*WHAT YOU HAVE TO DO*. From the data that follows, copy every line holding the string "simp".

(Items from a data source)
lemma psd_on_tensor_id_pre_J0:
  fixes \<phi> :: "'a::finite \<Rightarrow> complex" and Z :: "(('w::finite \<times> 'a) \<times> nat) op"
    and u :: "'w \<Rightarrow> 'w \<Rightarrow> complex"
  assumes \<tau>: "\<And>w w'. \<tau> w w' = (\<Sum>r\<in>UNIV. u r w * cnj (u r w'))"
    and "psd_on (UNIV \<times> {..<k}) Z"
  shows "psd_on (E \<times> {..<k}) (tensor_id k (pre_J0 \<phi> \<tau>) Z)"
proof -
  let ?n = "card (UNIV :: ('w \<times> 'a) set)"
  let ?p = "\<lambda>e. basis_elem (snd e) :: 'w \<times> 'a"
  let ?L = "\<lambda>r e b. if snd e < ?n then u r (fst e) * compl_proj \<phi> (snd (?p e)) b else 0"
  show ?thesis
  proof (rule psd_on_tensor_id_kraus[where A = UNIV and B = UNIV and R = UNIV
        and g = "\<lambda>_ e. fst (?p e)" and L = ?L])
    fix X :: "('w \<times> 'a) op" and e e' :: "'w \<times> nat"
    obtain w \<alpha> w' \<beta> where e: "e = (w, \<alpha>)" "e' = (w', \<beta>)" by fastforce
    show "pre_J0 \<phi> \<tau> X e e' = (\<Sum>r\<in>UNIV. \<Sum>b\<in>UNIV. \<Sum>c\<in>UNIV.
        ?L r e b * X (fst (?p e), b) (fst (?p e'), c) * cnj (?L r e' c))"
      (is "_ = ?kraus")
    proof (cases "\<alpha> < ?n \<and> \<beta> < ?n")
      case True
      then have "pre_J0 \<phi> \<tau> X e e' = (\<Sum>r\<in>UNIV. u r w * cnj (u r w') *
          id_tensor (J0 \<phi>) X (basis_elem \<alpha>) (basis_elem \<beta>))"
        by (simp add: e pre_J0_def Let_def \<tau> sum_distrib_right)
      also have "\<dots> = ?kraus"
        using True by (simp add: e id_tensor_J0_eq cnj_compl_proj sum_distrib_left mult_ac)
      finally show ?thesis .
    qed (auto simp: e pre_J0_def Let_def)
  qed (use assms in auto)
qed

lemma trace_pre_channel:
  fixes \<phi> :: "'a::finite \<Rightarrow> complex" and \<tau> :: "('w::finite) op"
  assumes \<phi>: "unit_vec \<phi>" and \<tau>: "trace_on UNIV \<tau> = 1"
  shows "trace_on (UNIV \<times> {..<Suc (card (UNIV :: ('w \<times> 'a) set))}) (pre_channel \<phi> \<tau> X)
    = trace_on UNIV X"
proof -
  let ?n = "card (UNIV :: ('w \<times> 'a) set)"
  have "trace_on (UNIV \<times> {..<Suc ?n}) (pre_channel \<phi> \<tau> X)
      = trace_on UNIV (compress \<phi> X)
        + trace_on UNIV \<tau> * (\<Sum>\<alpha><?n. id_tensor (J0 \<phi>) X (basis_elem \<alpha>) (basis_elem \<alpha>))"
    by (simp add: trace_on_def sum.cartesian_product' pre_channel_def pre_J1_def pre_J0_def Let_def
        lessThan_Suc sum.distrib sum_product)
  also have "\<dots> = trace_on UNIV X"
    using \<tau> trace_compress_add_trace_J0[OF \<phi>, of X]
      sum_basis_elem[of "\<lambda>p. id_tensor (J0 \<phi>) X p p"]
    by (simp add: trace_on_def)
  finally show ?thesis .
qed

lemma pre_channel_channel:
  fixes \<phi> :: "'a::finite \<Rightarrow> complex" and \<tau> :: "('w::finite) op"
  assumes \<phi>: "unit_vec \<phi>" and \<tau>: "density \<tau>"
  shows "channel_on UNIV (UNIV \<times> {..<Suc (card (UNIV :: ('w \<times> 'a) set))}) (pre_channel \<phi> \<tau>)"
proof -
  have "psd_on UNIV \<tau>" using \<tau> by (simp add: density_def)
  then obtain u :: "'w \<Rightarrow> 'w \<Rightarrow> complex"
    where u: "\<And>w w'. \<tau> w w' = (\<Sum>r\<in>UNIV. u r w * cnj (u r w'))"
    using psd_on_gram[OF finite_UNIV] by (metis UNIV_I)
  have "lin_on UNIV (pre_channel \<phi> \<tau>)"
    unfolding lin_on_def
    by (auto simp: fun_eq_iff pre_channel_def pre_J1_def pre_J0_def Let_def algebra_simps
        lin_on_UNIV_add[OF lin_on_compress[OF \<phi>]] lin_on_UNIV_add[OF lin_on_id_tensor_J0])
  moreover have "supp_on (UNIV \<times> {..<Suc (card (UNIV :: ('w \<times> 'a) set))}) (pre_channel \<phi> \<tau> X)"
    for X
    by (auto simp: supp_on_def pre_channel_def pre_J1_def pre_J0_def Let_def)
  moreover have "psd_on (E \<times> {..<k}) (tensor_id k (pre_channel \<phi> \<tau>) Z)"
    if "psd_on (UNIV \<times> {..<k}) Z" for E k Z
    unfolding pre_channel_def tensor_id_add
    by (intro psd_on_add psd_on_tensor_id_pre_J1[OF \<phi> that] psd_on_tensor_id_pre_J0[OF u that])
  ultimately show ?thesis
    using trace_pre_channel[OF \<phi>] \<tau> unfolding channel_on_def density_def by auto
qed

lemma trace_J0_register:
  "trace_on UNIV (J0_register Z :: ('w::finite \<times> 'a::finite) op)
    = (\<Sum>y\<in>UNIV. \<Sum>\<alpha><card (UNIV :: ('w \<times> 'a) set). Z (y, \<alpha>) (y, \<alpha>))"
proof -
  have "trace_on UNIV (J0_register Z :: ('w \<times> 'a) op)
      = (\<Sum>y\<in>UNIV. \<Sum>p\<in>UNIV. Z (y, basis_index (p :: 'w \<times> 'a)) (y, basis_index p))"
    unfolding trace_on_def J0_register_def by (rule sum.swap)
  then show ?thesis
    by (simp add: sum_basis_index[where f = "\<lambda>\<alpha>. Z (_, \<alpha>) (_, \<alpha>)"])
qed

*YOUR RESPONSE*.
        by (simp add: e pre_J0_def Let_def \<tau> sum_distrib_right)
        using True by (simp add: e id_tensor_J0_eq cnj_compl_proj sum_distrib_left mult_ac)
    qed (auto simp: e pre_J0_def Let_def)
    by (simp add: trace_on_def sum.cartesian_product' pre_channel_def pre_J1_def pre_J0_def Let_def
    by (simp add: trace_on_def)
  have "psd_on UNIV \<tau>" using \<tau> by (simp add: density_def)
    by (auto simp: fun_eq_iff pre_channel_def pre_J1_def pre_J0_def Let_def algebra_simps
    by (auto simp: supp_on_def pre_channel_def pre_J1_def pre_J0_def Let_def)
    by (simp add: sum_basis_index[where f = "\<lambda>\<alpha>. Z (_, \<alpha>) (_, \<alpha>)"])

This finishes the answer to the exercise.